Exercise => Scan the data below and work out how many of its lines contain the word "longlongrightarrow". Give only that number.

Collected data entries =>
(* Let $(t,x,m)\in\mathbf D$. For each $\delta>0$ there exists $\nu^\delta\in\mathcal U(t,x,m+\delta)$ such that $F(t,x;\nu^\delta)\ge\delta^{-1}\wedge V(t,x,m+\delta)-\delta$. Let such $\nu^\delta$ be fixed, let $\delta_0>0$, and assume that for all $0<\delta\le\delta_0$ there exists $\tilde\nu^\delta\in\mathcal U(t,x,m)$ such that $\lim_{\delta\downarrow0}P\{X^{\nu^\delta}_{t,x}(T)\ne X^{\tilde\nu^\delta}_{t,x}(T)\}=0$ and the family $\{[f(X^{\nu^\delta}_{t,x}(T))-f(X^{\tilde\nu^\delta}_{t,x}(T))]^+:\ 0<\delta\le\delta_0\}\subseteq L^1(P)$ is uniformly integrable. Then $m'\mapsto V(t,x,m')$ is right continuous at $m$.
   Context: Fix $T\in(0,\infty)$, a probability space $(\Omega,\mathcal F,P)$ with a filtration, and a separable metric space $S$. For each $t\in[0,T]$ a set $\mathcal U_t$ of controls; for $(t,x)\in[0,T]\times S$ and $\nu\in\mathcal U_t$ a càdlàg adapted $S$-valued process $X^\nu_{t,x}$ on $[t,T]$. Measurable $f,g:S\to\mathbb R$ with $E|f(X^\nu_{t,x}(T))|<\infty$, $E|g(X^\nu_{t,x}(T))|<\infty$ for all $\nu\in\mathcal U_t$. $F(t,x;\nu):=E[f(X^\nu_{t,x}(T))]$, $G(t,x;\nu):=E[g(X^\nu_{t,x}(T))]$, $\mathcal U(t,x,m):=\{\nu\in\mathcal U_t:G(t,x;\nu)\le m\}$, $V(t,x,m):=\sup_{\nu\in\mathcal U(t,x,m)}F(t,x;\nu)$ ($\sup\emptyset=-\infty$), and $\mathbf D:=\{(t,x,m)\in[0,T]\times S\times\mathbb R:\ \mathcal U(t,x,m)\ne\emptyset\}$. *)

theory Defs
  imports "HOL-Probability.Probability"
begin

text \<open>Setting.  \<open>M\<close>: probability space; \<open>Fil\<close>: filtration; \<open>U t\<close>: the set of controls
  admissible at time \<open>t\<close>; \<open>X t x \<nu> s \<omega>\<close>: the controlled state process \<open>X^\<nu>_{t,x}(s)\<close> at time
  \<open>s \<in> [t,T]\<close> and sample point \<open>\<omega>\<close>.\<close>

definition cadlag_on :: "real set \<Rightarrow> (real \<Rightarrow> 's::topological_space) \<Rightarrow> bool" where
  "cadlag_on I p \<longleftrightarrow>
     (\<forall>s\<in>I. (p \<longlongrightarrow> p s) (at s within (I \<inter> {s<..}))) \<and>
     (\<forall>s\<in>I. \<exists>l. (p \<longlongrightarrow> l) (at s within (I \<inter> {..<s})))"
(* Let $\mathcal{B}\subseteq\{1,2\}^3$ be a basic set with associated SNRE $F=\{F^{(a)},F^{(b)}\}$, sequences $(a_n),(b_n)$ and $S_2$-SFT $X^{\mathcal{B}}$. Suppose the symbol $1$ is a dominate symbol (i.e. $a_n\ge b_n$ for all $n\in\mathbb{N}$) and is essential (i.e. $a_n\ge2$ for some $n$). Then $F^{(a)}_1\neq y^2$. Furthermore: (1) if $F^{(a)}_1=x^2$, then $h(X^{\mathcal{B}})=\frac14\lim_{n\to\infty}\Big(\ln a_1+\sum_{j=1}^{n-1}2^{-j}\ln r^{(a)}_j\Big)$; (2) if $F^{(a)}_1=xy$ and $F^{(b)}_1=xy$, then $h(X^{\mathcal{B}})=\frac14\lim_{n\to\infty}\Big((\widehat v_1)^{[1]}+\sum_{j=1}^{n-1}2^{-j}(\ln\widehat r_j)^{[1]}\Big)$, where $\widehat v_1=R^{-1}v_1$, $\ln\widehat r_j=R^{-1}\ln r_j$; (3) if $F^{(a)}_1=xy$ and $F^{(b)}_1=y^2$, then $|B_n(X^{\mathcal{B}})|$ grows at most exponentially in $n$ (there is $c>0$ with $\ln|B_n(X^{\mathcal{B}})|\le cn$ for all $n$), and $h(X^{\mathcal{B}})=0$.
   Context: $S_2$ is the free semigroup on two generators, identified with finite words over $\{1,2\}$ (root $\epsilon$). Alphabet $\mathcal{A}=\{1,2\}$; a basic set $\mathcal{B}\subseteq\mathcal{A}^3$ is a set of admissible 2-blocks $(i,i_1,i_2)$, $X^{\mathcal{B}}$ the associated $S_2$-SFT. $B_n(X^{\mathcal{B}})$ is the set of maps $u$ from words of length $\le n$ to $\mathcal{A}$ with $(u(w),u(w1),u(w2))\in\mathcal{B}$ for all words $w$ of length $\le n-1$; $a_n$, $b_n$ count those with $u(\epsilon)=1$, resp. $2$, so $|B_n(X^{\mathcal{B}})|=a_n+b_n$. The SNRE is $F^{(a)}(x,y)=\sum_{(1,i,j)\in\mathcal{B}}z_iz_j$, $F^{(b)}(x,y)=\sum_{(2,i,j)\in\mathcal{B}}z_iz_j$ ($z_1=x,z_2=y$), with $a_0=b_0=1$, $a_n=F^{(a)}(a_{n-1},b_{n-1})$, $b_n=F^{(b)}(a_{n-1},b_{n-1})$. Entropy: $h(X^{\mathcal{B}})=\limsup_{n}\frac{\ln(a_n+b_n)}{2^{n+1}-1}$ (known to be a limit). For $*\in\{a,b\}$, $F^{( * )}_1$ denotes the monomial (with coefficient $1$) among $x^2,xy,y^2$ occurring in $F^{( * )}$ with nonzero coefficient and with the highest power of $x$; and $r^{( * )}_j=F^{( * )}(a_j,b_j)/F^{( * )}_1(a_j,b_j)$. Let $v_1=(\ln a_1,\ln b_1)^T$, $\ln r_j=(\ln r^{(a)}_j,\ln r^{(b)}_j)^T$, $w^{[1]}$ the first entry of a vector $w$, and let $R$ be an invertible $2\times2$ matrix with $R_{11}=1$ such that $\begin{pmatrix}1&1\\1&1\end{pmatrix}=R\begin{pmatrix}2&0\\0&0\end{pmatrix}R^{-1}$. *)

theory Defs
  imports "HOL-Analysis.Analysis"
begin

text \<open>Symbols are the naturals 1 and 2; a basic set is a set of triples (i, i1, i2).
  Words of S_2 are lists over {1,2}; the root is the empty list, w1 = w @ [1].\<close>

definition basic_set :: "(nat \<times> nat \<times> nat) set \<Rightarrow> bool" where
  "basic_set B \<longleftrightarrow> B \<subseteq> {1,2} \<times> {1,2} \<times> {1,2}"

Task solution => 2